When a line in the entries contains the word "subst", copy that line in full.

Saved data entries:

-- Opening Marker --

lemma pI_kernel_subset_kernel_sum:
  assumes "T \<in> \<T>"
  shows "(pI_kernel n T :: (bmon \<Rightarrow> 'k::field) set) \<subseteq> kernel_sum n \<T>"
proof -
  have "pI_kernel n T \<subseteq> (\<Union>T\<in>\<T>. pI_kernel n T :: (bmon \<Rightarrow> 'k) set)"
    using assms by blast
  also have "\<dots> \<subseteq> kernel_sum n \<T>"
    unfolding kernel_sum_def by (rule ring.genideal_self[OF Sn_ring Union_pI_kernel_subset_carrier])
  finally show ?thesis .
qed

lemma kernel_sum_singleton: "kernel_sum n {T} = (pI_kernel n T :: (bmon \<Rightarrow> 'k::field) set)"
proof
  show "kernel_sum n {T} \<subseteq> (pI_kernel n T :: (bmon \<Rightarrow> 'k) set)"
    unfolding kernel_sum_def
    using ring.genideal_minimal[OF Sn_ring ideal_pI_kernel, of "\<Union>T\<in>{T}. pI_kernel n T" n T] by simp
  show "(pI_kernel n T :: (bmon \<Rightarrow> 'k) set) \<subseteq> kernel_sum n {T}"
    by (rule pI_kernel_subset_kernel_sum) simp
qed

lemma ideal_sum_pI_eq_kernel_sum:
  assumes "\<T> \<subseteq> Pow {1..n}"
  shows "ideal_sum (Sn n) {pI n I | I. I \<in> \<T>} = (kernel_sum n \<T> :: (bmon \<Rightarrow> 'k::field) set)"
proof -
  have "\<Union>{pI n I | I. I \<in> \<T>} = (\<Union>T\<in>\<T>. pI_kernel n T :: (bmon \<Rightarrow> 'k) set)"
    using pI_eq_pI_kernel assms by blast
  then show ?thesis by (simp add: ideal_sum_def kernel_sum_def)
qed

lemma push_cancel_on_eq_zero_mono:
  fixes f :: "bmon \<Rightarrow> 'k::field"
  assumes "finite (supp f)" "i \<in> A" "push (cancel_on {i}) f = (\<lambda>_. 0)"
  shows "push (cancel_on A) f = (\<lambda>_. 0)"
proof
  fix r
  have "push (cancel_on A) f r
      = (\<Sum>p\<in>supp f. (\<lambda>s. if cancel_on A s = r then 1 else 0) (cancel_on {i} p) * f p)"
    by (subst push_eq_sum[OF assms(1)])
       (auto simp: cancel_on_cancel_on_singleton[OF assms(2)] intro!: sum.cong)
  also have "\<dots> = 0" by (rule sum_comp_push_zero[OF assms(3,1)]) simp
  finally show "push (cancel_on A) f r = 0" .
qed

text \<open>The elements vanishing in \<open>S\<^sub>n / (e\<^sub>i : i \<notin> B)\<close> for every \<open>B \<subseteq> {1..n}\<close> containing no
  member of \<open>\<T>\<close>. This description of the sum of the \<open>p\<^sub>T\<close>, \<open>T \<in> \<T>\<close>, turns intersections
  of such sums into combinatorics of \<open>\<T>\<close>.\<close>

definition avoid_kernel :: "nat \<Rightarrow> nat set set \<Rightarrow> (bmon \<Rightarrow> 'k::field) set" where
  "avoid_kernel n \<T> = cancel_kernel n {{1..n} - B | B. B \<subseteq> {1..n} \<and> (\<forall>T\<in>\<T>. \<not> T \<subseteq> B)}"

lemma pI_kernel_subset_avoid_kernel:
  assumes "T \<in> \<T>" "T \<subseteq> {1..n}"
  shows "(pI_kernel n T :: (bmon \<Rightarrow> 'k::field) set) \<subseteq> avoid_kernel n \<T>"
proof
  fix f :: "bmon \<Rightarrow> 'k" assume f: "f \<in> pI_kernel n T"
  then have carrier: "f \<in> Sn_carrier n" by (simp add: mem_pI_kernel_iff)
  show "f \<in> avoid_kernel n \<T>"
    unfolding avoid_kernel_def cancel_kernel_def
  proof (intro CollectI conjI ballI carrier)
    fix A assume "A \<in> {{1..n} - B | B. B \<subseteq> {1..n} \<and> (\<forall>T\<in>\<T>. \<not> T \<subseteq> B)}"
    then obtain B where A: "A = {1..n} - B" and avoid: "\<forall>T\<in>\<T>. \<not> T \<subseteq> B" by blast
    obtain i where i: "i \<in> T" "i \<notin> B" using avoid assms(1) by blast
    have "i \<in> A" using i assms(2) A by blast
    moreover have "push (cancel_on {i}) f = (\<lambda>_. 0)" using f i(1) by (simp add: mem_pI_kernel_iff)
    ultimately show "push (cancel_on A) f = (\<lambda>_. 0)"
      by (rule push_cancel_on_eq_zero_mono[OF finite_supp_Sn_carrier[OF carrier]])
  qed
qed

lemma kernel_sum_subset_avoid_kernel:
  assumes "\<T> \<subseteq> Pow {1..n}"
  shows "(kernel_sum n \<T> :: (bmon \<Rightarrow> 'k::field) set) \<subseteq> avoid_kernel n \<T>"
proof -
  have "(\<Union>T\<in>\<T>. pI_kernel n T :: (bmon \<Rightarrow> 'k) set) \<subseteq> avoid_kernel n \<T>"
    using pI_kernel_subset_avoid_kernel assms by blast
  then show ?thesis
    unfolding kernel_sum_def avoid_kernel_def
    by (rule ring.genideal_minimal[OF Sn_ring ideal_cancel_kernel, folded avoid_kernel_def])
qed

lemma xy_pow_commute_one_minus_xy_pow:
  assumes "j \<notin> A"
  shows "Sn_mult (basis (xy_pow A k)) (\<lambda>m. Sn_one m - basis (xy_pow {j} k) m)
       = Sn_mult (\<lambda>m. Sn_one m - basis (xy_pow {j} k) m) (basis (xy_pow A k) :: bmon \<Rightarrow> 'k::field)"
proof -
  have "bmul (xy_pow A k) (xy_pow {j} k) = bmul (xy_pow {j} k) (xy_pow A k)"
    using assms bmul_xy_pow_disjoint[of A "{j}" k] bmul_xy_pow_disjoint[of "{j}" A k]
    by (simp add: Un_commute)
  then show ?thesis by (simp only: basis_mult_one_minus_basis one_minus_basis_mult_basis)
qed

text \<open>Writing \<open>g = (1 - x\<^sub>j\<^sup>k y\<^sub>j\<^sup>k) g + x\<^sub>j\<^sup>k y\<^sub>j\<^sup>k g\<close> for \<open>j \<in> R\<close>, the first summand acquires \<open>j\<close> as a
  kernel index and the second is still annihilated by the remaining products; when \<open>R = {}\<close>,
  either \<open>g\<close> already lies in some \<open>p\<^sub>T\<close> or the hypothesis forces \<open>g = 0\<close>.\<close>

lemma kernel_sum_memI:
  fixes g :: "bmon \<Rightarrow> 'k::field"
  assumes "finite R" "R \<subseteq> {1..n}" "g \<in> pI_kernel n P"
    and "\<And>B. B \<subseteq> R \<Longrightarrow> \<forall>T\<in>\<T>. \<not> T \<subseteq> P \<union> B \<Longrightarrow> Sn_mult (basis (xy_pow (R - B) k)) g = (\<lambda>_. 0)"
  shows "g \<in> kernel_sum n \<T>"
  using assms
proof (induction R arbitrary: P g rule: finite_induct)
  case empty
  show ?case
  proof (cases "\<exists>T\<in>\<T>. T \<subseteq> P")
    case True
    with empty.prems(2) pI_kernel_antimono pI_kernel_subset_kernel_sum show ?thesis by blast
  next
    case False
    with empty.prems(3)[of "{}"] have "Sn_mult (basis mon_one) g = (\<lambda>_. 0)" by simp
    moreover have "finite (supp g)"
      using empty.prems(2) by (auto simp: mem_pI_kernel_iff intro: finite_supp_Sn_carrier)
    ultimately have "g = \<zero>\<^bsub>Sn n\<^esub>" by (simp add: Sn_mult_one_left[of g, unfolded Sn_one_eq_basis])
    then show ?thesis
      using additive_subgroup.zero_closed[OF ideal.axioms(1)[OF ideal_kernel_sum]] by simp
  qed
next
  case (insert j R)
  have j: "j \<in> {1..n}" and R: "R \<subseteq> {1..n}" using insert.prems(1) by auto
  have g: "g \<in> Sn_carrier n" using insert.prems(2) by (simp add: mem_pI_kernel_iff)
  define u :: "bmon \<Rightarrow> 'k" where "u = (\<lambda>m. Sn_one m - basis (xy_pow {j} k) m)"
  define v :: "bmon \<Rightarrow> 'k" where "v = basis (xy_pow {j} k)"
  have u: "u \<in> pI_kernel n {j}"
    unfolding u_def using one_minus_xy_pow_in_pid[OF j] pid_subset_pI_kernel[OF j] by blast
  then have u_carrier: "u \<in> Sn_carrier n" by (simp add: mem_pI_kernel_iff)
  have v_carrier: "v \<in> Sn_carrier n"
    unfolding v_def using j by (intro basis_carrier xy_pow_bmons) auto
  have fin: "finite (supp g)" "finite (supp u)" "finite (supp v)"
    "\<And>A. finite (supp (basis (xy_pow A k) :: bmon \<Rightarrow> 'k))"
    using g u_carrier v_carrier by (simp_all add: finite_supp_Sn_carrier)
  have "Sn_mult u g = (\<lambda>m. Sn_mult Sn_one g m - Sn_mult v g m)"
    unfolding u_def v_def by (rule Sn_mult_diff_left) (simp_all add: Sn_one_eq_basis fin)
  then have split: "g = (\<lambda>m. Sn_mult u g m + Sn_mult v g m)"
    using Sn_mult_one_left[OF fin(1)] by (simp add: fun_eq_iff)
  have "Sn_mult u g \<in> kernel_sum n \<T>"
  proof (rule insert.IH)
    show "R \<subseteq> {1..n}" by (rule R)
    have "Sn_mult u g \<in> pI_kernel n {j}"
      using ideal.I_r_closed[OF ideal_pI_kernel u, of g] g by simp
    moreover have "Sn_mult u g \<in> pI_kernel n P"
      using ideal.I_l_closed[OF ideal_pI_kernel insert.prems(2), of u] u_carrier by simp
    ultimately show "Sn_mult u g \<in> pI_kernel n (insert j P)"
      by (simp add: pI_kernel_insert[of n j P])
    fix B assume B: "B \<subseteq> R" and avoid: "\<forall>T\<in>\<T>. \<not> T \<subseteq> insert j P \<union> B"
    have "insert j R - insert j B = R - B" using insert.hyps(2) by blast
    then have zero: "Sn_mult (basis (xy_pow (R - B) k)) g = (\<lambda>_. 0)"
      using insert.prems(3)[of "insert j B"] B avoid by auto
    have "j \<notin> R - B" using insert.hyps(2) by blast
    have "Sn_mult (basis (xy_pow (R - B) k)) (Sn_mult u g)
        = Sn_mult (Sn_mult (basis (xy_pow (R - B) k)) u) g"
      by (rule Sn_mult_assoc[symmetric]) (use fin in auto)
    also have "\<dots> = Sn_mult (Sn_mult u (basis (xy_pow (R - B) k))) g"
      unfolding u_def by (simp only: xy_pow_commute_one_minus_xy_pow[OF \<open>j \<notin> R - B\<close>])
    also have "\<dots> = Sn_mult u (Sn_mult (basis (xy_pow (R - B) k)) g)"
      by (rule Sn_mult_assoc) (use fin in auto)
    finally have "Sn_mult (basis (xy_pow (R - B) k)) (Sn_mult u g)
        = Sn_mult u (Sn_mult (basis (xy_pow (R - B) k)) g)" .
    then show "Sn_mult (basis (xy_pow (R - B) k)) (Sn_mult u g) = (\<lambda>_. 0)"
      by (simp add: zero)
  qed
  moreover have "Sn_mult v g \<in> kernel_sum n \<T>"
  proof (rule insert.IH)
    show "R \<subseteq> {1..n}" by (rule R)
    show "Sn_mult v g \<in> pI_kernel n P"
      using ideal.I_l_closed[OF ideal_pI_kernel insert.prems(2), of v] v_carrier by simp
    fix B assume B: "B \<subseteq> R" and avoid: "\<forall>T\<in>\<T>. \<not> T \<subseteq> P \<union> B"
    have "bmul (xy_pow (R - B) k) (xy_pow {j} k) = xy_pow (insert j R - B) k"
    proof -
      have "insert j R - B = (R - B) \<union> {j}" using insert.hyps(2) B by blast
      then show ?thesis using bmul_xy_pow_disjoint[of "R - B" "{j}" k] insert.hyps(2) by simp
    qed
    have "Sn_mult (basis (xy_pow (R - B) k)) (Sn_mult v g)
        = Sn_mult (Sn_mult (basis (xy_pow (R - B) k)) v) g"
      by (rule Sn_mult_assoc[symmetric]) (use fin in auto)
    also have "\<dots> = Sn_mult (basis (xy_pow (insert j R - B) k)) g"
      unfolding v_def basis_mult by (simp only: \<open>bmul (xy_pow (R - B) k) (xy_pow {j} k) = _\<close>)
    finally have "Sn_mult (basis (xy_pow (R - B) k)) (Sn_mult v g)
        = Sn_mult (basis (xy_pow (insert j R - B) k)) g" .
    then show "Sn_mult (basis (xy_pow (R - B) k)) (Sn_mult v g) = (\<lambda>_. 0)"
      using insert.prems(3)[of B] B avoid by auto
  qed
  ultimately have "Sn_mult u g \<oplus>\<^bsub>Sn n\<^esub> Sn_mult v g \<in> kernel_sum n \<T>"
    by (rule additive_subgroup.a_closed[OF ideal.axioms(1)[OF ideal_kernel_sum]])
  then show ?case by (subst split) simp
qed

-- Closing Marker --

§ **Result**
    by (subst push_eq_sum[OF assms(1)])
  then show ?case by (subst split) simp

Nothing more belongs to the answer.